Medications that increase gastric motility (such as Reglan), small, frequent meals, sleeping with the head raised up, or other measures may be used to treat reduced gastric motility.

Impotence, diarrhea, constipation, bladder problems, and other symptoms are treated as appropriate. These symptoms may respond poorly to treatment.

Outlook (Prognosis)

The outcome varies. If the cause can be identified and treated, there is a chance that the nerves associated with autonomic neuropathy may repair or regenerate. The symptoms may improve with treatment, or they may persist or worsen despite treatment.

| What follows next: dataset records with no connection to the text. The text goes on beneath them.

(* Let $\mathfrak{R}$ be either the finite field $\mathbb{F}_q$ ($q$ a prime power) or the ring $\mathbb{Z}_k$ ($k\ge 2$), and let $\chi$ be the character of $\mathfrak{R}$ described in the context. Let $C$ and $D$ be two $\mathfrak{R}$-linear codes of length $n$ and let $\bm{w}\in\mathfrak{R}^n$. Then \[ \mathfrak{Jac}(C,D^{\perp},\bm{w}; x_{a} : a \in \mathfrak{R}^{3}) =\frac{1}{|D|}\,\mathfrak{Jac}\Big(C,D,\bm{w};\ \sum_{b\in\mathfrak{R}}\chi(a_2 b)\,x_{(a_1,b,a_3)} : a=(a_1,a_2,a_3)\in\mathfrak{R}^{3}\Big), \] where the right-hand side means the polynomial $\mathfrak{Jac}(C,D,\bm{w};x_a : a\in\mathfrak{R}^3)$ with each variable $x_{(a_1,a_2,a_3)}$ replaced by $\sum_{b\in\mathfrak{R}}\chi(a_2 b)\,x_{(a_1,b,a_3)}$.
   Context: An $\mathbb{F}_q$-linear code of length $n$ is a subspace of $\mathbb{F}_q^n$; a $\mathbb{Z}_k$-linear code of length $n$ is an additive subgroup of $\mathbb{Z}_k^n$. For $\bm{u},\bm{v}\in\mathfrak{R}^n$, $\bm{u}\cdot\bm{v}=\sum_i u_iv_i$, and the dual code is $C^\perp=\{\bm{v}\in\mathfrak{R}^n : \bm{u}\cdot\bm{v}=0 \text{ for all }\bm{u}\in C\}$. The character $\chi:\mathfrak{R}\to\mathbb{C}^\times$ is defined as follows. If $\mathfrak{R}=\mathbb{F}_q$ with $q=p^f$, $p$ prime, fix a root $\lambda$ of a primitive irreducible polynomial of degree $f$ over $\mathbb{F}_p$, write each $\alpha\in\mathbb{F}_q$ uniquely as $\alpha=\alpha_0+\alpha_1\lambda+\cdots+\alpha_{f-1}\lambda^{f-1}$ with $\alpha_i\in\mathbb{F}_p$, and set $\chi(\alpha)=\zeta_p^{\alpha_0}$ where $\zeta_p$ is a primitive $p$-th root of unity. If $\mathfrak{R}=\mathbb{Z}_k$, set $\chi(\alpha)=\zeta_k^{\alpha}$ with $\zeta_k$ a primitive $k$-th root of unity. For $\bm{u},\bm{v},\bm{w}\in\mathfrak{R}^n$ and $a\in\mathfrak{R}^3$, let $h_a(\bm{u},\bm{v};\bm{w})=\#\{i : (u_i,v_i,w_i)=a\}$. The complete joint Jacobi polynomial of $\mathfrak{R}$-linear codes $C,D$ of length $n$ with respect to $\bm{w}$ is the polynomial in the $|\mathfrak{R}|^3$ variables $x_a$ ($a\in\mathfrak{R}^3$) \[\mathfrak{Jac}(C,D,\bm{w};x_a : a\in\mathfrak{R}^3)=\sum_{\bm{u}\in C,\ \bm{v}\in D}\ \prod_{a\in\mathfrak{R}^3}x_a^{h_a(\bm{u},\bm{v};\bm{w})}.\] *)

theory Defs
  imports Complex_Main "HOL-Computational_Algebra.Primes"
begin
(* Consider the system $x[k+1]=Ax[k]+\sigma[k]Bu[k]+(1-\sigma[k])d[k]+w[k]$, $y[k]=x[k]+v[k]$ and the controller $x_K[k+1]=A_Kx_K[k]+B_Ky[k]$, $u[k]=C_Kx_K[k]+D_Ky[k]$, for which $A_{CL}$ is a Schur matrix and for which $\Omega_I$ satisfies I1)-I3) and $\Omega_O$ satisfies O1)-O4). If the system's initialization satisfies $x[k_0]\in\mathcal{S}_c$, then applying the control procedure (Algorithm 1) described in the context ensures that: a) $x[k]\in\mathcal{X}$ and $u[k]\in\mathcal{U}$, for all $k\geq k_0$; b) There exists $T_{\mathrm{max}}\in\mathbb{N}_{>0}$ which satisfies: $\sigma[k_0]=1\Rightarrow\exists\, T_0\in\mathbb{N}_{[1,T_{\mathrm{max}}]}$ s.t. $\sigma[k_0+T_0]=0$; and $k>k_0,\,\sigma[k]=1,\,\sigma[k-1]=0\Rightarrow\exists\, T\in\mathbb{N}_{[1,T_{\mathrm{max}}]}$ s.t. $\sigma[k+T]=0$; c) $\sigma[k]=0\Rightarrow x[k]\in\mathcal{S}$, for all $k\geq k_0$.
   Context: Plant: $x[k+1]=Ax[k]+\sigma[k]Bu[k]+(1-\sigma[k])d[k]+w[k]$, $y[k]=x[k]+v[k]$, with $x[k]\in\mathbb{R}^n$, $u[k]\in\mathbb{R}^m$, $d[k]\in\mathcal{D}$, $w[k]\in\mathcal{W}$, $v[k]\in\mathcal{V}$, and switching signal $\sigma[k]\in\{0,1\}$. Given sets $\mathcal{U}\subset\mathbb{R}^m$ and $\mathcal{S}\subset\mathcal{X}\subset\mathbb{R}^n$; all sets $\mathcal{D},\mathcal{W},\mathcal{V},\mathcal{U},\mathcal{S},\mathcal{X}$ are polytopes containing the zero vector in their interiors, and: there exist $\varepsilon_p,\varepsilon_m\in(0,1)$ with $\mathcal{V}\subseteq\varepsilon_p\mathcal{S}$ and $(-\mathcal{V})\subseteq\varepsilon_m\mathcal{S}$, where $(-\mathcal{V}):=\{-v:v\in\mathcal{V}\}$; there exists $\delta>0$ with $\{r\in\mathbb{R}^n:\|r\|\leq\delta\}\subseteq\mathcal{S}$; and $\mathcal{S}^+:=A\mathcal{S}\oplus\mathcal{W}\oplus\mathcal{D}\subseteq\mathcal{X}$ ($\oplus$ = Minkowski sum, $\ominus$ = Pontryagin difference). Define $\mathcal{S}_c:=\mathrm{conv}(\mathcal{S},\mathcal{S}^+)$. Controller with $n_K$-dimensional state $x_K$: $x_K[k+1]=A_Kx_K[k]+B_Ky[k]$, $u[k]=C_Kx_K[k]+D_Ky[k]$. With $\xi=[x^\top\ x_K^\top]^\top$, $z=[w^\top\ v^\top]^\top\in\mathcal{Z}:=\mathcal{W}\times\mathcal{V}$, the closed loop is $\xi[k+1]=A_{CL}\xi[k]+B_{CL}z[k]$, $u[k]=C_{CL}\xi[k]+D_{CL}z[k]$ with $A_{CL}=\begin{bmatrix}A+BD_K & BC_K\\ B_K & A_K\end{bmatrix}$, $B_{CL}=\begin{bmatrix}I_n & BD_K\\ O & B_K\end{bmatrix}$, $C_{CL}=[D_K\ C_K]$, $D_{CL}=[O\ D_K]$. Let $\mathcal{N}:=(-\mathcal{V})\oplus\mathcal{V}$. The sets $\Omega_I\subset\mathbb{R}^n$, $\Omega_O\subset\mathbb{R}^{n+n_K}$ are polyhedral, contain the origin, and satisfy: I1) $\Omega_I\subseteq\varepsilon_s\mathcal{S}$ for a given $\varepsilon_s\in(0,1)$; I2) there exists $\alpha>0$ with $\{r\in\mathbb{R}^n:\|r\|\leq\alpha\}\subseteq\Omega_I\ominus\mathcal{N}$; I3) there exists $\beta\in(0,1)$ with $\bigoplus_{i=0}^N[I_n\ O]A_{CL}^iB_{CL}\mathcal{Z}\subseteq\beta(\Omega_I\ominus\mathcal{N})$ for all $N\in\mathbb{N}$; O1) $\mathcal{S}_c\times\{0_{n_K}\}\subseteq\Omega_O$; O2) $A_{CL}\Omega_O\oplus B_{CL}\mathcal{Z}\subseteq\Omega_O$; O3) $[I_n\ O]\Omega_O\subseteq\mathcal{X}$; O4) $C_{CL}\Omega_O\oplus D_{CL}\mathcal{Z}\subseteq\mathcal{U}$. Algorithm 1: Initialization: read $y[k_0]$; if $y[k_0]\in\mathcal{S}\ominus(-\mathcal{V})$, set $\sigma[k_0]=0$, $u[k_0]=0_m$, $k\gets k_0+1$ and go to Monitoring; otherwise set $k\gets k_0$, $\sigma[k]=1$, $x_K[k]=0_{n_K}$ and go to Control. Monitoring: read $y[k]$; if $y[k]\in\mathcal{S}\ominus(-\mathcal{V})$: if $\sigma[k-1]=1$ and $y[k]\notin\Omega_I\ominus(-\mathcal{V})$, set $\sigma[k]=1$ and go to Control; else set $\sigma[k]=0$, $u[k]=0_m$, $k\gets k+1$ and go to Monitoring. If $y[k]\notin\mathcal{S}\ominus(-\mathcal{V})$: if $\sigma[k-1]=0$ set $x_K[k]=0_{n_K}$; then set $\sigma[k]=1$ and go to Control. Control: compute $x_K[k+1]$ and $u[k]$ via the controller equations, $k\gets k+1$, go to Monitoring. *)

theory Defs
  imports "HOL-Analysis.Analysis"
begin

Most symptoms of autonomic neuropathy are uncomfortable but they are seldom life threatening.

Possible Complications

  • Fluid or electrolyte imbalance such as hypokalemia (if excessive vomiting or diarrhea)
  • Malnutrition
  • Kidney failure (associated with reflux of urine)
  • Psychologic/social effects of impotence
  • Injuries from falls (associated with postural dizziness)

When to Contact a Medical Professional

Call for an appointment with your health care provider if symptoms of autonomic neuropathy occur. Early diagnosis and treatment increases the likelihood of controlling symptoms.

Prevention

Prevention or control of disorders that may be associated with autonomic neuropathy may reduce the risk. For example, diabetics should control blood sugar levels closely. Alcoholics should stop drinking.